The reply should consist of every entry, repeated exactly.

(Record excerpts)
□ □ □ □
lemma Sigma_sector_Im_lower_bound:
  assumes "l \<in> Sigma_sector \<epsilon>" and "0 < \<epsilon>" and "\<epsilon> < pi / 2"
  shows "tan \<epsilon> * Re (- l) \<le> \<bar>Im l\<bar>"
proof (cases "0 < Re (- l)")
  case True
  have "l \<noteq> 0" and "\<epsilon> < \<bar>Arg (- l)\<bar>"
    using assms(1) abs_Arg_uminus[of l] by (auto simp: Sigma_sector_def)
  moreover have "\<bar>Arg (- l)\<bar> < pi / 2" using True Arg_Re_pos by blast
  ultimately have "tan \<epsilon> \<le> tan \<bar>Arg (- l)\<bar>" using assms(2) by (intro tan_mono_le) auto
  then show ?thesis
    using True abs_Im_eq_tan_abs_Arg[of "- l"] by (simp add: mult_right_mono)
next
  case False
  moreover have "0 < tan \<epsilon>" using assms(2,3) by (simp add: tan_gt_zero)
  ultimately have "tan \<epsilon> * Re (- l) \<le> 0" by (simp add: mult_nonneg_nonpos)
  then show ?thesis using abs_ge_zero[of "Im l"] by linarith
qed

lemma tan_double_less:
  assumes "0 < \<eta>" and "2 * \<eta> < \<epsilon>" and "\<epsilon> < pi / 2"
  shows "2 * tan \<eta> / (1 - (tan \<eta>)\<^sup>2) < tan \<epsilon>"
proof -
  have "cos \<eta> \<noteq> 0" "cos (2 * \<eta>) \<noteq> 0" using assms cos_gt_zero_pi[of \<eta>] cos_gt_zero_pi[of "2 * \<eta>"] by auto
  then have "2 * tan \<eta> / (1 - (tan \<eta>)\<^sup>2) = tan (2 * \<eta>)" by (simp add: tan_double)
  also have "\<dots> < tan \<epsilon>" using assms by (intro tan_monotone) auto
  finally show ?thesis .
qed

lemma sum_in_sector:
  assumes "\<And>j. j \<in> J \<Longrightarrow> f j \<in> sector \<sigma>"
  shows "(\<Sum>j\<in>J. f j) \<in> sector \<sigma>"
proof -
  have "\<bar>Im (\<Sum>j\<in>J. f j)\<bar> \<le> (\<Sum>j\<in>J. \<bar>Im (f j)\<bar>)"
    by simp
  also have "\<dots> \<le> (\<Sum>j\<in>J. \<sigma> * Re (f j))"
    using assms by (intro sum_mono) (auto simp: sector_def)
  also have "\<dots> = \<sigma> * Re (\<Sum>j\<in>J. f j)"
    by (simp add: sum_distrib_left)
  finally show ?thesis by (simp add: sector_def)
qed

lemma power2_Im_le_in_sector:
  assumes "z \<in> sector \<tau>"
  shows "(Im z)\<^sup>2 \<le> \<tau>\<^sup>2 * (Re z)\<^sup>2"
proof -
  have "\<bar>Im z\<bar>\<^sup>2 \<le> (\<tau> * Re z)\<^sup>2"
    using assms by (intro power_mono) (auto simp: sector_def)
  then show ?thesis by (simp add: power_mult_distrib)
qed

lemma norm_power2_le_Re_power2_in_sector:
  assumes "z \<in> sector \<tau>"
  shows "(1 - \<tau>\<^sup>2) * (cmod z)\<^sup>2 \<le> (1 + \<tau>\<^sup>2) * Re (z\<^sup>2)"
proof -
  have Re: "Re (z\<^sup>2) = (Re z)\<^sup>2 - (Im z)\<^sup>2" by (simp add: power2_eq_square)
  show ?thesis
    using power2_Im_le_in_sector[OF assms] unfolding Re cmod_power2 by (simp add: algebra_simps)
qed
□ □ □ □
(Response area)
lemma Sigma_sector_Im_lower_bound:
  assumes "l \<in> Sigma_sector \<epsilon>" and "0 < \<epsilon>" and "\<epsilon> < pi / 2"
  shows "tan \<epsilon> * Re (- l) \<le> \<bar>Im l\<bar>"
proof (cases "0 < Re (- l)")
  case True
  have "l \<noteq> 0" and "\<epsilon> < \<bar>Arg (- l)\<bar>"
    using assms(1) abs_Arg_uminus[of l] by (auto simp: Sigma_sector_def)
  moreover have "\<bar>Arg (- l)\<bar> < pi / 2" using True Arg_Re_pos by blast
  ultimately have "tan \<epsilon> \<le> tan \<bar>Arg (- l)\<bar>" using assms(2) by (intro tan_mono_le) auto
  then show ?thesis
    using True abs_Im_eq_tan_abs_Arg[of "- l"] by (simp add: mult_right_mono)
next
  case False
  moreover have "0 < tan \<epsilon>" using assms(2,3) by (simp add: tan_gt_zero)
  ultimately have "tan \<epsilon> * Re (- l) \<le> 0" by (simp add: mult_nonneg_nonpos)
  then show ?thesis using abs_ge_zero[of "Im l"] by linarith
qed

lemma tan_double_less:
  assumes "0 < \<eta>" and "2 * \<eta> < \<epsilon>" and "\<epsilon> < pi / 2"
  shows "2 * tan \<eta> / (1 - (tan \<eta>)\<^sup>2) < tan \<epsilon>"
proof -
  have "cos \<eta> \<noteq> 0" "cos (2 * \<eta>) \<noteq> 0" using assms cos_gt_zero_pi[of \<eta>] cos_gt_zero_pi[of "2 * \<eta>"] by auto
  then have "2 * tan \<eta> / (1 - (tan \<eta>)\<^sup>2) = tan (2 * \<eta>)" by (simp add: tan_double)
  also have "\<dots> < tan \<epsilon>" using assms by (intro tan_monotone) auto
  finally show ?thesis .
qed

lemma sum_in_sector:
  assumes "\<And>j. j \<in> J \<Longrightarrow> f j \<in> sector \<sigma>"
  shows "(\<Sum>j\<in>J. f j) \<in> sector \<sigma>"
proof -
  have "\<bar>Im (\<Sum>j\<in>J. f j)\<bar> \<le> (\<Sum>j\<in>J. \<bar>Im (f j)\<bar>)"
    by simp
  also have "\<dots> \<le> (\<Sum>j\<in>J. \<sigma> * Re (f j))"
    using assms by (intro sum_mono) (auto simp: sector_def)
  also have "\<dots> = \<sigma> * Re (\<Sum>j\<in>J. f j)"
    by (simp add: sum_distrib_left)
  finally show ?thesis by (simp add: sector_def)
qed

lemma power2_Im_le_in_sector:
  assumes "z \<in> sector \<tau>"
  shows "(Im z)\<^sup>2 \<le> \<tau>\<^sup>2 * (Re z)\<^sup>2"
proof -
  have "\<bar>Im z\<bar>\<^sup>2 \<le> (\<tau> * Re z)\<^sup>2"
    using assms by (intro power_mono) (auto simp: sector_def)
  then show ?thesis by (simp add: power_mult_distrib)
qed

lemma norm_power2_le_Re_power2_in_sector:
  assumes "z \<in> sector \<tau>"
  shows "(1 - \<tau>\<^sup>2) * (cmod z)\<^sup>2 \<le> (1 + \<tau>\<^sup>2) * Re (z\<^sup>2)"
proof -
  have Re: "Re (z\<^sup>2) = (Re z)\<^sup>2 - (Im z)\<^sup>2" by (simp add: power2_eq_square)
  show ?thesis
    using power2_Im_le_in_sector[OF assms] unfolding Re cmod_power2 by (simp add: algebra_simps)
qed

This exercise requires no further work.